Each glomerulus filters out water and solutes from the blood passing through it into the surrounding space, which is the cavity between the two walls of the cup. This part is wholly within the renal cortex.

The next part of the tubule is highly coiled (the proximal convoluted tubule) and empties into a U-shaped loop which carries the filtered fluid deep down into the medulla and then back again into the cortex. This part of the nephron is called the loop of Henle.

Its main function is to reabsorb water and sodium chloride from the filtrate. This conserves water for the organism, producing highly concentrated urine.

The loop of Henle has a thin descending limb, a thick ascending limb and a thin ascending limb.

The fluid entering the descending limb contains sodium chloride and other salts, urea and other chemicals that have been filtered out from the blood.

The cells here are permeable to water and thus the salt and urea concentration rises within the fluid by the time it reaches the bend.
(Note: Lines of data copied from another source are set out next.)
lemma realized_state_in_rs_states: "5 \<le> M \<Longrightarrow> \<exists>st\<in>set rs_states. realized_state M st"
proof (induction M rule: less_induct)
  case (less M)
  show ?case
  proof (cases "M \<le> 8")
    case True
    then have "M \<in> {5, 6, 7, 8}" using less.prems by auto
    then show ?thesis by (rule realized_state_in_rs_states_base)
  next
    case False
    define K where "K = (M+1) div 2"
    have K: "5 \<le> K" "K < M" "M \<le> 2*K" "2*K - M \<in> {0,1}" using False unfolding K_def by auto
    obtain st where st: "st \<in> set rs_states" "realized_state K st"
      using less.IH[OF K(2,1)] by blast
    then obtain d dE where move: "(d, dE) \<in> set moves" "d = dE + (2*K - M)"
      "short_borders_odd st d dE" "next_state st d dE \<in> set rs_states"
      using moves_closed_rs_states K(4) unfolding moves_closed_def by blast
    have "realized_state (2*K+dE-d) (next_state st d dE)"
      using realized_state_move st(2) K(1) move(1,3) by simp
    moreover have "2*K+dE-d = M" using move(2) K(3) by simp
    ultimately show ?thesis using move(4) by auto
  qed
qed

lemma unbordered_factor_ge_10:
  assumes "10 \<le> n"
  shows "\<exists>i. unbordered (factor rs i n)"
proof -
  define M where "M = n div 2"
  have M: "5 \<le> M" "n - 2*M \<in> {0,1}" using assms unfolding M_def by auto
  obtain st where st: "st \<in> set rs_states" "realized_state M st"
    using realized_state_in_rs_states M(1) by blast
  then obtain d dE where move: "(d, dE) \<in> set moves" "dE = d + (n - 2*M)"
    "short_borders_odd st d dE" "no_border_le_8 st d dE"
    using moves_closed_rs_states M(2) unfolding moves_closed_def by blast
  have "\<exists>i. unbordered (factor rs i (2*M+dE-d))"
    using unbordered_move st(2) M(1) move(1,3,4) by simp
  moreover have "2*M+dE-d = n" using move(2) unfolding M_def by simp
  ultimately show ?thesis by simp
qed

lemma unbordered_factor_lt_10:
  assumes "n < 10"
  shows "\<exists>i. unbordered (factor rs i n)"
proof -
  have "unbordered (factor rs 0 0)" "unbordered (factor rs 0 1)" "unbordered (factor rs 2 2)"
    "unbordered (factor rs 1 3)" "unbordered (factor rs 0 4)" "unbordered (factor rs 6 5)"
    "unbordered (factor rs 7 6)" "unbordered (factor rs 0 7)" "unbordered (factor rs 3 8)"
    "unbordered (factor rs 4 9)"
    unfolding unbordered_def by code_simp+
  moreover have "n \<in> {0,1,2,3,4,5,6,7,8,9}" using assms by auto
  ultimately show ?thesis by auto
qed

theorem theorem5:
  fixes n :: nat
  shows "\<exists>i. unbordered (factor rs i n)"
  using unbordered_factor_lt_10 unbordered_factor_ge_10 by (cases "n < 10") simp_all

end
The ascending limb is permeable to sodium chloride, which passes out of the tubule into the medullary tissue surrounding it.

The absorption of water within the descending limb leads to an increasing osmotic gradient within the tubule by increasing the solute concentration.

Simultaneously, the active transport of sodium chloride into the interstitium through the water-impermeable cells of the ascending limb maintains the gradient by ensuring that the concentration declines as the fluid passes towards the distal convoluted tubule.

The loop of Henle is supplied by two vasa recta which are straight vessels closely accompanying the tubule’s hairpin-shaped course.

These carry blood in opposite directions, just like the passage of tubular fluid – the countercurrent mechanism. Thus they absorb water on the one hand and solute on the other.

This is called the countercurrent multiplier system, which is responsible for maintaining an osmotic medullary gradient in the outer medullary tissue. This gradient ensures the vasopressin-driven reabsorption of water from the luminal fluid in the collecting duct.

The thick ascending limb expresses a sodium-potassium-chloride cotransporter and helps reabsorb approximately a third of the filtered sodium and chloride from the fluid in the tubular lumen into the blood.